Com a chegada do mês de outubro, os adeptos do Liverpool FC celebraram dois aniversários notáveis. Primeiro, Jürgen Klopp cumpriu um ano como treinador do clube, e segundo – um acontecimento bem menos discutido – o centésimo jogo de médio atacante inglês Adam Lallana pelos Reds na vitoria sobre o West Bromwich Albion.

Para o carismático treinador alemão , deixar a sua marca no clube foi um processo que demorou bastante, mas, com o começo da nova temporada, o seu impacto no gigante futebolístico do noroeste inglês é cada vez mais notório. Essa transição do futebol do ex-treinador Brendan Rodgers, cuja visão de impor ‘morte pelo futebol’ nos adversários se tornou profundamente mais dinâmica – tão em termos da mentalidade da equipa como do modo de jogar – sob a liderança de Klopp, para o estilo novo, fica mais visível na forma do já mencionado Lallana.

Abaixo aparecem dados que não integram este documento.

lemma q_vandermonde:
  "(\<Sum>s\<le>r. qbinom c s * qv ^ (2 * (s * (a - (r - s)))) * qbinom a (r - s)) = qbinom (a + c) r"
proof (induct c arbitrary: r)
  case 0
  show ?case by (subst sum.atMost_shift) simp
next
  case (Suc c)
  define X where "X r s = qv ^ (2 * (s * (a - (r - s)))) * qbinom a (r - s)" for r s
  have IH: "(\<Sum>s\<le>r. qbinom c s * X r s) = qbinom (a + c) r" for r
    using Suc by (simp add: X_def mult.assoc)
  show ?case
  proof (cases r)
    case 0
    then show ?thesis by simp
  next
    case (Suc r')
    have low: "X r 0 + (\<Sum>t<r. qbinom c (Suc t) * X r (Suc t)) = qbinom (a + c) r"
      using IH [of r] by (subst (asm) sum.atMost_shift) simp
    have high: "(\<Sum>t<r. qv ^ (2 * (c - t)) * qbinom c t * X r (Suc t)) = qv ^ (2 * (a + c - r')) * qbinom (a + c) r'"
      unfolding IH [of r', symmetric] sum_distrib_left Suc lessThan_Suc_atMost
    proof (rule sum.cong [OF refl])
      fix t assume t: "t \<in> {..r'}"
      show "qv ^ (2 * (c - t)) * qbinom c t * X (Suc r') (Suc t) = qv ^ (2 * (a + c - r')) * (qbinom c t * X r' t)"
      proof (cases "t \<le> c \<and> r' - t \<le> a")
        case True
        with t show ?thesis
          using qv_power_vandermonde [of t c r' a] unfolding X_def by (simp add: algebra_simps)
      next
        case False
        then show ?thesis unfolding X_def by (auto simp: not_le)
      qed
    qed
    have "(\<Sum>s\<le>r. qbinom (Suc c) s * X r s)
        = X r 0 + (\<Sum>t<r. qv ^ (2 * (c - t)) * qbinom c t * X r (Suc t)) + (\<Sum>t<r. qbinom c (Suc t) * X r (Suc t))"
      by (subst sum.atMost_shift) (simp add: qbinom_Suc_Suc sum.distrib algebra_simps)
    also have "\<dots> = qv ^ (2 * (a + c - r')) * qbinom (a + c) r' + qbinom (a + c) r"
      using low high by (simp add: algebra_simps)
    also have "\<dots> = qbinom (Suc (a + c)) r"
      unfolding Suc qbinom_Suc_Suc by simp
    finally show ?thesis by (simp add: X_def mult.assoc)
  qed
qed

definition bounded_compositions :: "nat \<Rightarrow> (nat \<Rightarrow> nat) \<Rightarrow> nat \<Rightarrow> (nat \<Rightarrow> nat) set" where
  "bounded_compositions b c r = {f. (\<forall>i\<ge>b. f i = 0) \<and> (\<forall>i<b. f i \<le> c i) \<and> (\<Sum>i<b. f i) = r}"

lemma finite_bounded_compositions [simp]: "finite (bounded_compositions b c r)"
proof (rule finite_subset)
  show "bounded_compositions b c r \<subseteq> {f. \<forall>x. (x \<in> {..<b} \<longrightarrow> f x \<in> {..r}) \<and> (x \<notin> {..<b} \<longrightarrow> f x = 0)}"
    by (auto simp: bounded_compositions_def intro: member_le_sum [of _ "{..<b}", simplified])
qed (intro finite_set_of_finite_funs; simp)

definition split_inversions :: "nat \<Rightarrow> (nat \<Rightarrow> nat) \<Rightarrow> (nat \<Rightarrow> nat) \<Rightarrow> nat" where
  "split_inversions b c f = (\<Sum>i<b. \<Sum>i'<b. if i < i' then (c i - f i) * f i' else 0)"

lemma split_inversions_upd:
  "split_inversions (Suc b) c (g(b := s)) = split_inversions b c g + (\<Sum>i<b. c i - g i) * s"
proof -
  have "(\<Sum>i'<Suc b. if i < i' then (c i - (g(b := s)) i) * (g(b := s)) i' else 0)
      = (\<Sum>i'<b. if i < i' then (c i - g i) * g i' else 0) + (c i - g i) * s" if "i < b" for i
    using that by (auto intro!: sum.cong)
  then show ?thesis
    by (simp add: split_inversions_def sum.distrib sum_distrib_right)
qed

lemma bounded_compositions_fibre:
  assumes "s \<le> r" "s \<le> c b"
  shows "{f\<in>bounded_compositions (Suc b) c r. f b = s} = (\<lambda>g. g(b := s)) ` bounded_compositions b c (r - s)"
proof (intro equalityI subsetI)
  fix f assume f: "f \<in> {f\<in>bounded_compositions (Suc b) c r. f b = s}"
  then have "f(b := 0) \<in> bounded_compositions b c (r - s)"
    by (auto simp: bounded_compositions_def intro!: sum.cong)
  moreover have "f = (f(b := 0))(b := s)" using f by auto
  ultimately show "f \<in> (\<lambda>g. g(b := s)) ` bounded_compositions b c (r - s)" by blast
next
  fix f assume "f \<in> (\<lambda>g. g(b := s)) ` bounded_compositions b c (r - s)"
  then obtain g where g: "g \<in> bounded_compositions b c (r - s)" "f = g(b := s)" by auto
  moreover have "(\<Sum>i<b. f i) = (\<Sum>i<b. g i)" using g by (intro sum.cong) auto
  ultimately show "f \<in> {f\<in>bounded_compositions (Suc b) c r. f b = s}"
    using assms by (auto simp: bounded_compositions_def less_Suc_eq)
qed

lemma inj_on_fun_upd_bounded_compositions: "inj_on (\<lambda>g. g(b := s)) (bounded_compositions b c r)"
proof (rule inj_onI, rule ext)
  fix g g' x
  assume "g \<in> bounded_compositions b c r" "g' \<in> bounded_compositions b c r" and upd: "g(b := s) = g'(b := s)"
  show "g x = g' x"
  proof (cases "x = b")
    case True
    with \<open>g \<in> _\<close> \<open>g' \<in> _\<close> show ?thesis by (simp add: bounded_compositions_def)
  next
    case False
    with fun_cong [OF upd, of x] show ?thesis by simp
  qed
qed

lemma vandermonde_summand_upd:
  assumes "g \<in> bounded_compositions b c r"
  shows "(\<Prod>i<Suc b. qbinom (c i) ((g(b := s)) i)) * qv ^ (2 * split_inversions (Suc b) c (g(b := s)))
    = qbinom (c b) s * qv ^ (2 * (s * ((\<Sum>i<b. c i) - r)))
      * ((\<Prod>i<b. qbinom (c i) (g i)) * qv ^ (2 * split_inversions b c g))"
proof -
  have "(\<Sum>i<b. c i - g i) = (\<Sum>i<b. c i) - r"
    using assms unfolding bounded_compositions_def by (subst sum_subtractf_nat) auto
  moreover have "(\<Prod>i<b. qbinom (c i) ((g(b := s)) i)) = (\<Prod>i<b. qbinom (c i) (g i))"
    by (rule prod.cong) auto
  ultimately show ?thesis
    unfolding split_inversions_upd by (simp add: power_add power_mult algebra_simps)
qed

lemma q_vandermonde_multi:
  "(\<Sum>f\<in>bounded_compositions b c r. (\<Prod>i<b. qbinom (c i) (f i)) * qv ^ (2 * split_inversions b c f))
    = qbinom (\<Sum>i<b. c i) r"
proof (induct b arbitrary: r)
  case 0
  have "bounded_compositions 0 c r = (if r = 0 then {\<lambda>_. 0} else {})"
    by (auto simp: bounded_compositions_def)
  then show ?case by (simp add: split_inversions_def)
next
  case (Suc b)
  define T where "T b f = (\<Prod>i<b. qbinom (c i) (f i)) * qv ^ (2 * split_inversions b c f)" for b f
  have fibre: "(\<Sum>f\<in>{f\<in>bounded_compositions (Suc b) c r. f b = s}. T (Suc b) f)
      = qbinom (c b) s * qv ^ (2 * (s * ((\<Sum>i<b. c i) - (r - s)))) * qbinom (\<Sum>i<b. c i) (r - s)" if "s \<le> r" for s
  proof (cases "s \<le> c b")
    case False
    then have empty: "{f\<in>bounded_compositions (Suc b) c r. f b = s} = {}"
      by (auto simp: bounded_compositions_def)
    show ?thesis unfolding empty using False by simp
  next
    case True
    have "(\<Sum>f\<in>{f\<in>bounded_compositions (Suc b) c r. f b = s}. T (Suc b) f)
        = (\<Sum>g\<in>bounded_compositions b c (r - s). T (Suc b) (g(b := s)))"
      unfolding bounded_compositions_fibre [where c = c, OF that True]
      by (rule sum.reindex [OF inj_on_fun_upd_bounded_compositions, unfolded comp_def])
    also have "\<dots> = (\<Sum>g\<in>bounded_compositions b c (r - s). qbinom (c b) s * qv ^ (2 * (s * ((\<Sum>i<b. c i) - (r - s)))) * T b g)"
      unfolding T_def by (rule sum.cong [OF refl]) (rule vandermonde_summand_upd)
    also have "\<dots> = qbinom (c b) s * qv ^ (2 * (s * ((\<Sum>i<b. c i) - (r - s)))) * qbinom (\<Sum>i<b. c i) (r - s)"
      using Suc by (simp add: T_def sum_distrib_left [symmetric])
    finally show ?thesis .
  qed
  have "(\<lambda>f. f b) ` bounded_compositions (Suc b) c r \<subseteq> {..r}"
    by (auto simp: bounded_compositions_def intro: member_le_sum [of b "{..<Suc b}", simplified])
  then have "(\<Sum>f\<in>bounded_compositions (Suc b) c r. T (Suc b) f)
      = (\<Sum>s\<le>r. \<Sum>f\<in>{f\<in>bounded_compositions (Suc b) c r. f b = s}. T (Suc b) f)"
    by (intro sum.group [symmetric]) simp_all
  also have "\<dots> = (\<Sum>s\<le>r. qbinom (c b) s * qv ^ (2 * (s * ((\<Sum>i<b. c i) - (r - s)))) * qbinom (\<Sum>i<b. c i) (r - s))"
    by (rule sum.cong) (simp_all add: fibre)
  also have "\<dots> = qbinom ((\<Sum>i<b. c i) + c b) r"
    by (rule q_vandermonde)
  finally show ?case by (simp add: T_def)
qed

section \<open>The squared twist operators\<close>

definition qmon :: "int \<Rightarrow> int \<Rightarrow> int \<Rightarrow> coef" where
  "qmon x y z = (- qv) powi x * av powi y * qv powi z"

lemma qmon_mult: "qmon x y z * qmon x' y' z' = qmon (x + x') (y + y') (z + z')"
  unfolding qmon_def by (simp add: power_int_add)

lemma qmon_of_nat: "qmon (int u) 0 (int n) = (- qv) ^ u * qv ^ n"
  unfolding qmon_def by simp

lemma sum_qmon_qbin:
  assumes "a \<le> b"
  shows "(\<Sum>h\<in>{a..b}. qmon (int h) 0 (int h ^ 2 + 2 * int h * (int c - int a)) * qbin (b - a) (h - a))
    = qmon (int a) 0 (2 * int a * int c - int a ^ 2) * (qpp (c + (b - a)) / qpp c)"
proof -
  have "(\<Sum>h\<in>{a..b}. qmon (int h) 0 (int h ^ 2 + 2 * int h * (int c - int a)) * qbin (b - a) (h - a))
      = (\<Sum>u\<le>b - a. qmon (int (u + a)) 0 (int (u + a) ^ 2 + 2 * int (u + a) * (int c - int a)) * qbinom (b - a) u)"
  proof -
    have "{a..b} = {0 + a..(b - a) + a}" using assms by simp
    then show ?thesis by (simp only: sum.shift_bounds_cl_nat_ivl) (simp add: atLeast0AtMost qbinom_def)
  qed
  also have "\<dots> = (\<Sum>u\<le>b - a. qmon (int a) 0 (2 * int a * int c - int a ^ 2) * ((- qv) ^ u * qv ^ (2 * u * c + u * u) * qbinom (b - a) u))"
  proof (rule sum.cong [OF refl])
    fix u
    have "qmon (int (u + a)) 0 (int (u + a) ^ 2 + 2 * int (u + a) * (int c - int a))
        = qmon (int a) 0 (2 * int a * int c - int a ^ 2) * ((- qv) ^ u * qv ^ (2 * u * c + u * u))"
      unfolding qmon_of_nat [symmetric] qmon_mult by (simp add: algebra_simps power2_eq_square)
    then show "qmon (int (u + a)) 0 (int (u + a) ^ 2 + 2 * int (u + a) * (int c - int a)) * qbinom (b - a) u
        = qmon (int a) 0 (2 * int a * int c - int a ^ 2) * ((- qv) ^ u * qv ^ (2 * u * c + u * u) * qbinom (b - a) u)"
      by (simp only: mult.assoc)
  qed
  also have "\<dots> = qmon (int a) 0 (2 * int a * int c - int a ^ 2) * (qpp (c + (b - a)) / qpp c)"
    by (simp add: sum_distrib_left [symmetric] sum_qbinom_eq_qpp)
  finally show ?thesis .
qed

definition T_source :: "skein \<Rightarrow> skein" where
  "T_source Y = (case Y of UP \<Rightarrow> UP | RI \<Rightarrow> OP | OP \<Rightarrow> RI)"

definition T_coeff :: "skein \<Rightarrow> nat \<Rightarrow> nat \<Rightarrow> nat \<Rightarrow> coef" where
  "T_coeff Y j k h = (case Y of
      UP \<Rightarrow> qmon (int h - int j) 0 (int k ^ 2)
    | RI \<Rightarrow> qmon (int h) (int k) (int k ^ 2 - 2 * int j * int k)
    | OP \<Rightarrow> qmon (int h) (int h) (int k ^ 2 - 2 * int j * int h))"

definition R_source :: "skein \<Rightarrow> skein" where
  "R_source Y = (case Y of UP \<Rightarrow> OP | RI \<Rightarrow> RI | OP \<Rightarrow> UP)"

definition R_coeff :: "skein \<Rightarrow> nat \<Rightarrow> nat \<Rightarrow> nat \<Rightarrow> coef" where
  "R_coeff Y j k h = (case Y of
      OP \<Rightarrow> qmon (int h - int j) (int h - int j) (- 2 * int k * int h + int k ^ 2 + int j ^ 2)
    | UP \<Rightarrow> qmon (int h - int j) (int k - int j) (2 * int h * (int j - int k) + (int k - int j) ^ 2)
    | RI \<Rightarrow> qmon (int h) 0 (int h * (2 * int j - 2 * int k) + int k ^ 2 - int j ^ 2))"

lemma T_source_T_source [simp]: "T_source (T_source Y) = Y"
  by (cases Y) (simp_all add: T_source_def)

lemma R_source_R_source [simp]: "R_source (R_source Y) = Y"
  by (cases Y) (simp_all add: R_source_def)

lemma Ttil_eq:
  "Ttil F Y j h = (if h \<le> j then (\<Sum>k\<le>h. F (T_source Y) j k * (T_coeff Y j k h * qbin (j - k) (h - k))) else 0)"
proof (cases "h \<le> j")
  case True
  have "Ttil F Y j h = qbin j h * (\<Sum>k\<le>h. F (T_source Y) j k / qbin j k * (T_coeff Y j k h * qbin h k))"
    using True by (cases Y) (simp_all add: Ttil_def rho_def rho_inv_def Top_def T_source_def T_coeff_def qmon_def)
  also have "\<dots> = (\<Sum>k\<le>h. F (T_source Y) j k * (T_coeff Y j k h * qbin (j - k) (h - k)))"
    unfolding sum_distrib_left
  proof (rule sum.cong [OF refl])
    fix k assume "k \<in> {..h}"
    then have "qbin j h * qbin h k = qbin j k * qbin (j - k) (h - k)"
      using True by (simp add: qbin_trinomial_revision)
    then show "qbin j h * (F (T_source Y) j k / qbin j k * (T_coeff Y j k h * qbin h k))
        = F (T_source Y) j k * (T_coeff Y j k h * qbin (j - k) (h - k))"
      by (simp add: field_simps)
  qed
  finally show ?thesis using True by simp
qed (simp add: Ttil_def rho_def Top_def)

Na verdade, ao contrario dos seus vizinhos europeus e latino-americanos historicamente mais proeminentes na história do desporto, que podem evocar figuras lendárias como Messi, Maradona, Cristiano Ronaldo, Pelé, Zidane, Bergkamp, Cruyff, Iniesta, Best ou Ronaldinho Gaúcho, o futebol inglês raramente produz jogadores da laia técnica alta que tem toda facilidade do mundo com a bola nos pés ou que, repentinamente, podem realizar um drible decisivo, mas suave e delicado. Embora não quisesse insinuar que Adam Lallana pertence a este nível de jogadores todo-poderosos – isso não era minha intenção – se olharia sua técnica imaculada, sua habilidade de chutar com as duas pernas e sua compostura quando está com possessão da bola, ficaria extremamente claro que tem qualidades excecionais para um jogador inglês de hoje em dia.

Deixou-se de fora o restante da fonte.